• _Task details_:
Your answer should be the full listing, copied word for word.

════════

lemma shapley_rel_ext_v_FO:
  assumes "finite N" and authors: "\<And>k. k \<in> Pap m Auth x \<Longrightarrow> Auth k \<subseteq> N"
  shows "shapley N (rel_ext p (v_FO m Auth w)) x =
           (\<Sum>k\<in>Pap m Auth x. w k / real (card (Auth k)) * PiTS p (Auth k) (Auth k))"
proof -
  have papers: "Auth k \<subseteq> N \<and> x \<in> Auth k" if "k \<in> Pap m Auth x" for k
    using that authors unfolding Pap_def by auto
  have "shapley N (rel_ext p (v_FO m Auth w)) x = (\<Sum>k\<in>Pap m Auth x. (w k * (\<Prod>i\<in>Auth k. p i)) *
      (\<Sum>R\<in>Pow (Auth k - {x}). (if R = Auth k - {x} then 1 else 0)
        / (real (card (Auth k) - card R) * real (card (Auth k) choose card R))))"
  proof (rule shapley_of_local_marginals[OF assms(1) papers])
    show "rel_ext p (v_FO m Auth w) (S \<union> {x}) - rel_ext p (v_FO m Auth w) S
        = (\<Sum>k\<in>Pap m Auth x. (w k * (\<Prod>i\<in>Auth k. p i)) * (if S \<inter> Auth k = Auth k - {x} then 1 else 0))"
      if "S \<subseteq> N - {x}" for S
    proof -
      have "finite S" "x \<notin> S"
        using that assms(1) finite_subset by auto
      then show ?thesis
        by (rule rel_ext_v_FO_marginal)
    qed
  qed
  also have "\<dots> = (\<Sum>k\<in>Pap m Auth x. w k / real (card (Auth k)) * PiTS p (Auth k) (Auth k))"
  proof (rule sum.cong[OF refl])
    fix k assume "k \<in> Pap m Auth x"
    then have "finite (Auth k)" "x \<in> Auth k"
      using papers assms(1) finite_subset by blast+
    then show "w k * (\<Prod>i\<in>Auth k. p i) * (\<Sum>R\<in>Pow (Auth k - {x}). (if R = Auth k - {x} then 1 else 0)
        / (real (card (Auth k) - card R) * real (card (Auth k) choose card R)))
      = w k / real (card (Auth k)) * PiTS p (Auth k) (Auth k)"
      by (simp add: sum_Pow_top_weight PiTS_def)
  qed
  finally show ?thesis .
qed

theorem theorem2:
  fixes n m :: nat and Auth :: "nat \<Rightarrow> nat set" and w :: "nat \<Rightarrow> real" and p :: "nat \<Rightarrow> real"
    and x :: nat
  assumes auth_ne: "\<And>k. k \<in> {1..m} \<Longrightarrow> Auth k \<noteq> {}"
    and auth_sub: "\<And>k. k \<in> {1..m} \<Longrightarrow> Auth k \<subseteq> {1..n}"
    and w_nonneg: "\<And>k. k \<in> {1..m} \<Longrightarrow> w k \<ge> 0"
    and p_range: "\<And>i. i \<in> {1..n} \<Longrightarrow> 0 \<le> p i \<and> p i \<le> 1"
    and x_in: "x \<in> {1..n}"
  shows "(shapley {1..n} (rel_ext p (v_FC m Auth w)) x =
           p x * (\<Sum>k\<in>Pap m Auth x. w k *
              (\<Sum>S\<in>Pow (Auth k - {x}).
                 PiTS p {} S / (real (card (Auth k) - card S) * real (card (Auth k) choose card S))))) \<and>
         (shapley {1..n} (rel_ext p (v_FO m Auth w)) x =
           (\<Sum>k\<in>Pap m Auth x. w k / real (card (Auth k)) * PiTS p (Auth k) (Auth k)))"
proof -
  have authors: "Auth k \<subseteq> {1..n}" if "k \<in> Pap m Auth x" for k
    using that auth_sub unfolding Pap_def by auto
  show ?thesis
    by (intro conjI shapley_rel_ext_v_FC shapley_rel_ext_v_FO finite_atLeastAtMost) (erule authors)+
qed

end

════════

• _Written answer_:
lemma shapley_rel_ext_v_FO:
  assumes "finite N" and authors: "\<And>k. k \<in> Pap m Auth x \<Longrightarrow> Auth k \<subseteq> N"
  shows "shapley N (rel_ext p (v_FO m Auth w)) x =
           (\<Sum>k\<in>Pap m Auth x. w k / real (card (Auth k)) * PiTS p (Auth k) (Auth k))"
proof -
  have papers: "Auth k \<subseteq> N \<and> x \<in> Auth k" if "k \<in> Pap m Auth x" for k
    using that authors unfolding Pap_def by auto
  have "shapley N (rel_ext p (v_FO m Auth w)) x = (\<Sum>k\<in>Pap m Auth x. (w k * (\<Prod>i\<in>Auth k. p i)) *
      (\<Sum>R\<in>Pow (Auth k - {x}). (if R = Auth k - {x} then 1 else 0)
        / (real (card (Auth k) - card R) * real (card (Auth k) choose card R))))"
  proof (rule shapley_of_local_marginals[OF assms(1) papers])
    show "rel_ext p (v_FO m Auth w) (S \<union> {x}) - rel_ext p (v_FO m Auth w) S
        = (\<Sum>k\<in>Pap m Auth x. (w k * (\<Prod>i\<in>Auth k. p i)) * (if S \<inter> Auth k = Auth k - {x} then 1 else 0))"
      if "S \<subseteq> N - {x}" for S
    proof -
      have "finite S" "x \<notin> S"
        using that assms(1) finite_subset by auto
      then show ?thesis
        by (rule rel_ext_v_FO_marginal)
    qed
  qed
  also have "\<dots> = (\<Sum>k\<in>Pap m Auth x. w k / real (card (Auth k)) * PiTS p (Auth k) (Auth k))"
  proof (rule sum.cong[OF refl])
    fix k assume "k \<in> Pap m Auth x"
    then have "finite (Auth k)" "x \<in> Auth k"
      using papers assms(1) finite_subset by blast+
    then show "w k * (\<Prod>i\<in>Auth k. p i) * (\<Sum>R\<in>Pow (Auth k - {x}). (if R = Auth k - {x} then 1 else 0)
        / (real (card (Auth k) - card R) * real (card (Auth k) choose card R)))
      = w k / real (card (Auth k)) * PiTS p (Auth k) (Auth k)"
      by (simp add: sum_Pow_top_weight PiTS_def)
  qed
  finally show ?thesis .
qed

theorem theorem2:
  fixes n m :: nat and Auth :: "nat \<Rightarrow> nat set" and w :: "nat \<Rightarrow> real" and p :: "nat \<Rightarrow> real"
    and x :: nat
  assumes auth_ne: "\<And>k. k \<in> {1..m} \<Longrightarrow> Auth k \<noteq> {}"
    and auth_sub: "\<And>k. k \<in> {1..m} \<Longrightarrow> Auth k \<subseteq> {1..n}"
    and w_nonneg: "\<And>k. k \<in> {1..m} \<Longrightarrow> w k \<ge> 0"
    and p_range: "\<And>i. i \<in> {1..n} \<Longrightarrow> 0 \<le> p i \<and> p i \<le> 1"
    and x_in: "x \<in> {1..n}"
  shows "(shapley {1..n} (rel_ext p (v_FC m Auth w)) x =
           p x * (\<Sum>k\<in>Pap m Auth x. w k *
              (\<Sum>S\<in>Pow (Auth k - {x}).
                 PiTS p {} S / (real (card (Auth k) - card S) * real (card (Auth k) choose card S))))) \<and>
         (shapley {1..n} (rel_ext p (v_FO m Auth w)) x =
           (\<Sum>k\<in>Pap m Auth x. w k / real (card (Auth k)) * PiTS p (Auth k) (Auth k)))"
proof -
  have authors: "Auth k \<subseteq> {1..n}" if "k \<in> Pap m Auth x" for k
    using that auth_sub unfolding Pap_def by auto
  show ?thesis
    by (intro conjI shapley_rel_ext_v_FC shapley_rel_ext_v_FO finite_atLeastAtMost) (erule authors)+
qed

end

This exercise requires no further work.